# PCAM Extraction Notebook - Quick Start Guide

This Colab notebook is designed to extract the preprocessed PCAM dataset after it has been zipped (from Preprocessing_PCAM.ipynb) and uploaded to Google Drive. The notebook first mounts your Google Drive to access files, then unzips the dataset to either local Colab storage (fast but temporary) or back to Google Drive (slower but persistent).

To use this notebook with any ZIP file, simply modify the `zip_path` variable to point to your ZIP file location in Google Drive, and adjust the `extract_path` to your desired extraction location. The `EXTRACT_TO_LOCAL` flag controls whether data is extracted to temporary Colab storage (deleted after session) or to Google Drive (permanent)—set it to `False` for Drive extraction or `True` for faster local extraction.

This workflow is particularly useful when you've preprocessed a large dataset locally (using the Preprocessing_PCAM script), zipped the results to save space, uploaded to Google Drive for cloud access, and now need to extract it in Colab for model training or analysis.

In [None]:
# Import Necessary Libraries
# Import the drive module from google.colab to access Drive mounting functions
from google.colab import drive
# Import os module for operating system operations 
import os
# Improt Path class from pathlib for object-originted file path management
from pathlib import Path
# Import zipfile module for working with ZIP archives
import zipfile
# Import os module for file system operations
import os

# Mount Google Drive to the Colab environment at /content/drive/
drive.mount('/content/drive')

print("✓ Google Drive mounted successfully!") # Print success message
print(f"Available at: /content/drive/MyDrive/") # Print the path where Google Drive is accessible in Colab (usually this by default)

Mounted at /content/drive
✓ Google Drive mounted successfully!
Available at: /content/drive/MyDrive/


In [None]:
# Define the full path to the ZIP file containing the PCAM dataset in Google Drive
### YOU WILL NEED TO CHANGE THIS ###
zip_path = "/content/drive/MyDrive/Sekeh_Lab/Sara_Project/PCam_Extracted_100k.zip"

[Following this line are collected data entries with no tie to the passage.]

definition is_power :: "'a word \<Rightarrow> 'a word \<Rightarrow> nat rel \<Rightarrow> bool" where
  "is_power x y \<alpha> \<longleftrightarrow> (\<exists>h. bij_betw h (Field (fst x)) (Field \<alpha> \<times> Field (fst y)) \<and>
     (\<forall>p\<in>Field (fst x). \<forall>q\<in>Field (fst x). (p,q) \<in> fst x \<longleftrightarrow>
        ((fst (h p) \<noteq> fst (h q) \<and> (fst (h p), fst (h q)) \<in> \<alpha>) \<or>
         (fst (h p) = fst (h q) \<and> (snd (h p), snd (h q)) \<in> fst y))) \<and>
     (\<forall>p\<in>Field (fst x). snd x p = snd y (snd (h p))))"

definition primitive :: "'a word \<Rightarrow> bool" where
  "primitive x \<longleftrightarrow> (\<forall>y \<alpha>. wf_word y \<and> Well_order \<alpha> \<and> is_power x y \<alpha> \<longrightarrow>
      card (Field \<alpha>) = 1 \<and> word_iso y x)"

definition prime_word :: "('a::linorder) word \<Rightarrow> bool" where
  "prime_word w \<longleftrightarrow> primitive w \<and> (\<forall>z. proper_suffix w z \<longrightarrow> lex_le w z)"

definition block_prod :: "nat set \<Rightarrow> (nat \<Rightarrow> 'a word) \<Rightarrow> 'a word" where
  "block_prod I u =
    ({(prod_encode (i,p), prod_encode (j,q)) | i p j q. i \<in> I \<and> j \<in> I \<and>
        p \<in> Field (fst (u i)) \<and> q \<in> Field (fst (u j)) \<and> (i < j \<or> (i = j \<and> (p,q) \<in> fst (u i)))},
     \<lambda>k. snd (u (fst (prod_decode k))) (snd (prod_decode k)))"

end

theory Submission
  imports Defs
begin

text \<open>
  Write \<open>w\<close> for the \<open>\<omega>\<close>-product and \<open>w\<^sub>n = u\<^sub>0 \<cdots> u\<^sub>n\<close>; the positions of the \<open>w\<^sub>n\<close>
  form an increasing chain of initial segments of \<open>w\<close> exhausting it.

  Let \<open>z\<close> be the proper suffix of \<open>w\<close> starting at position \<open>p\<close>. Once \<open>w\<^sub>n\<close> contains \<open>p\<close>, the suffix
  \<open>z\<^sub>n\<close> of \<open>w\<^sub>n\<close> at \<open>p\<close> is an initial segment of \<open>z\<close>, and primality gives \<open>w\<^sub>n \<le>\<^sub>l\<^sub>e\<^sub>x z\<^sub>n\<close>. A strict
  difference between some \<open>w\<^sub>n\<close> and \<open>z\<^sub>n\<close> persists between \<open>w\<close> and \<open>z\<close>. Otherwise every \<open>w\<^sub>n\<close> is a
  prefix of \<open>z\<close>; embeddings of well-orders are unique, so these embeddings are compatible and
  glue to an embedding of \<open>w\<close> into \<open>z\<close>.

  For primitivity, let \<open>w = y\<^sup>\<alpha>\<close> with \<open>\<alpha> \<ge> 2\<close> and take \<open>n\<close> such that \<open>w\<^sub>n\<close> reaches into a second
  copy of \<open>y\<close>. If \<open>w\<^sub>n\<close> consists of whole copies of \<open>y\<close>, it is not primitive. Otherwise its suffix
  starting at the beginning of an incomplete copy is a proper prefix of \<open>y\<close>, hence of \<open>w\<^sub>n\<close>, and
  no word is lexicographically below one of its proper prefixes.
\<close>

section \<open>Prefixes as embeddings of well-orders\<close>

lemma init_seg_eq_ofilter: "init_seg r S = ofilter r S"
  by (auto simp: init_seg_def ofilter_def under_def)

lemma below_eq_underS: "below r p = underS r p"
  by (auto simp: below_def underS_def)

lemma Well_order_Field_Restr:
  "Well_order r \<Longrightarrow> A \<subseteq> Field r \<Longrightarrow> Field (Restr r A) = A"
  using Refl_Field_Restr2 wo_rel.REFL unfolding wo_rel_def by blast

lemma Well_order_least:
  assumes "Well_order r" "A \<subseteq> Field r" "A \<noteq> {}"
  obtains m where "m \<in> A" "\<forall>b\<in>A. (m, b) \<in> r"
  using assms Linear_order_Well_order_iff[of r] wo_rel.LIN unfolding wo_rel_def by blast

lemma restr_pair: "restr (r, L) S = (Restr r S, L)"
  by (simp add: restr_def)

lemma ofilter_Restr_ofilter:
  assumes "Well_order r" "ofilter r A" "ofilter r B" "A \<subseteq> B"
  shows "ofilter (Restr r B) A"
  using assms unfolding ofilter_def under_def
  by (auto simp: Field_Restr_ofilter[OF assms(1,3)])

lemma underS_Restr_ofilter:
  assumes "ofilter r A" "a \<in> A"
  shows "underS (Restr r A) a = underS r a"
  using assms by (auto simp: ofilter_def under_def underS_def)

lemma embed_Restr_ofilter:
  assumes "Well_order r" "ofilter r A" "embed r r' f"
  shows "embed (Restr r A) r' f"
  using comp_embed[OF iffD1[OF ofilter_embed[OF assms(1)] assms(2), THEN conjunct2] assms(3)]
  by simp

lemma word_iso_iff_iso:
  "word_iso (r, L) (r', L') \<longleftrightarrow> (\<exists>f. iso r r' f \<and> (\<forall>p\<in>Field r. L' (f p) = L p))"
  unfolding word_iso_def iso_iff2 by auto

lemma is_prefix_iff_embed:
  assumes "Well_order r" "Well_order r'"
  shows "is_prefix (r, L) (r', L') \<longleftrightarrow> (\<exists>f. embed r r' f \<and> (\<forall>p\<in>Field r. L' (f p) = L p))"
proof
  assume "is_prefix (r, L) (r', L')"
  then obtain S f where S: "ofilter r' S" and f: "iso r (Restr r' S) f" "\<forall>p\<in>Field r. L' (f p) = L p"
    unfolding is_prefix_def init_seg_eq_ofilter restr_pair word_iso_iff_iso by auto
  have "embed (Restr r' S) r' id"
    using S ofilter_embed[OF assms(2)] by blast
  then have "embed r r' (id \<circ> f)"
    using comp_embed f(1) unfolding iso_def by blast
  then show "\<exists>f. embed r r' f \<and> (\<forall>p\<in>Field r. L' (f p) = L p)" using f(2) by (auto simp: comp_def)
next
  assume "\<exists>f. embed r r' f \<and> (\<forall>p\<in>Field r. L' (f p) = L p)"
  then obtain f where f: "embed r r' f" "\<forall>p\<in>Field r. L' (f p) = L p" by blast
  define S where "S = f ` Field r"
  have S: "ofilter r' S"
    unfolding S_def by (rule embed_Field_ofilter[OF assms f(1)])
  have WS: "Well_order (Restr r' S)"
    using Well_order_Restr[OF assms(2)] .
  have FS: "Field (Restr r' S) = S"
    using Field_Restr_ofilter[OF assms(2) S] .
  have "compat r (Restr r' S) f"
    using embed_compat[OF f(1)] unfolding compat_def S_def by (auto intro: FieldI1 FieldI2)
  moreover have "ofilter (Restr r' S) (f ` Field r)"
    using wo_rel.Field_ofilter[of "Restr r' S"] WS FS unfolding wo_rel_def S_def by simp
  ultimately have "embed r (Restr r' S) f"
    using embed_inj_on[OF assms(1) f(1)] embed_iff_compat_inj_on_ofilter[OF assms(1) WS] by blast
  then have "iso r (Restr r' S) f"
    using iso_iff[OF assms(1)] Field_Restr_ofilter[OF assms(2) S] S_def by blast
  then show "is_prefix (r, L) (r', L')"
    unfolding is_prefix_def init_seg_eq_ofilter restr_pair word_iso_iff_iso fst_conv
    using S f(2) by blast
qed

lemma str_less_Restr_ofilter:
  assumes "ofilter r A" "ofilter r' A'" "str_less (Restr r A, L) (Restr r' A', L')"
  shows "str_less (r, L) (r', L')"
proof -
  obtain p p' where p: "p \<in> Field (Restr r A)" and p': "p' \<in> Field (Restr r' A')"
    and less: "L p < L' p'"
    and iso: "word_iso (Restr (Restr r A) (underS (Restr r A) p), L)
                       (Restr (Restr r' A') (underS (Restr r' A') p'), L')"
    using assms(3) unfolding str_less_def below_eq_underS restr_pair fst_conv snd_conv by blast
  have pA: "p \<in> A" and pA': "p' \<in> A'"
    using p p' Field_Restr_subset by fast+
  have "underS r p \<subseteq> A" "underS r' p' \<subseteq> A'"
    using assms(1,2) pA pA' underS_subset_under unfolding ofilter_def by fast+
  then have "Restr (Restr r A) (underS r p) = Restr r (underS r p)"
    and "Restr (Restr r' A') (underS r' p') = Restr r' (underS r' p')"
    by auto
  then have "word_iso (Restr r (underS r p), L) (Restr r' (underS r' p'), L')"
    using iso underS_Restr_ofilter[OF assms(1) pA] underS_Restr_ofilter[OF assms(2) pA'] by simp
  moreover have "p \<in> Field r" "p' \<in> Field r'"
    using assms(1,2) pA pA' unfolding ofilter_def by blast+
  ultimately show ?thesis
    unfolding str_less_def below_eq_underS restr_pair fst_conv snd_conv using less by blast
qed

lemma is_prefix_Restr_ofilter:
  assumes "Well_order r" "Well_order r'" "ofilter r' A'" "is_prefix (r, L) (Restr r' A', L')"
  shows "is_prefix (r, L) (r', L')"
proof -
  obtain f where f: "embed r (Restr r' A') f" "\<forall>p\<in>Field r. L' (f p) = L p"
    using assms(4) is_prefix_iff_embed[OF assms(1) Well_order_Restr[OF assms(2)]] by blast
  have "embed (Restr r' A') r' id"
    using assms(3) ofilter_embed[OF assms(2)] by blast
  then have "embed r r' (id \<circ> f)"
    using comp_embed f(1) by blast
  then show ?thesis
    using f(2) is_prefix_iff_embed[OF assms(1,2)] by auto
qed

# Choose where to extract: local Colab storage (fast; but deleted after session) or Drive (persistent)
EXTRACT_TO_LOCAL = False  # Set to False to extract to Google Drive

# Check if user wants to extract to local Colab storage
if EXTRACT_TO_LOCAL:
    # Set extraction path to local Colab temporary storage
    extract_path = "/content/pcam_data"
    # Inform user about extracting to local storage
    print("Extracting to LOCAL Colab storage (faster, temporary)")
    # Warn user that local storage is deleted when Colab session ends
    print("⚠️  WARNING: Data will be deleted when session ends")
else: # User wants to extract to Google Drive (persistent storage)
    # Set extraction path to Google Drive location (slower but persistent)
    extract_path = "/content/drive/MyDrive/Sekeh_Lab/Sara_Project/Datasets/PCAM"
    # Create the extraction directory and all parent directories if they don't exist
    os.makedirs(extract_path, exist_ok=True)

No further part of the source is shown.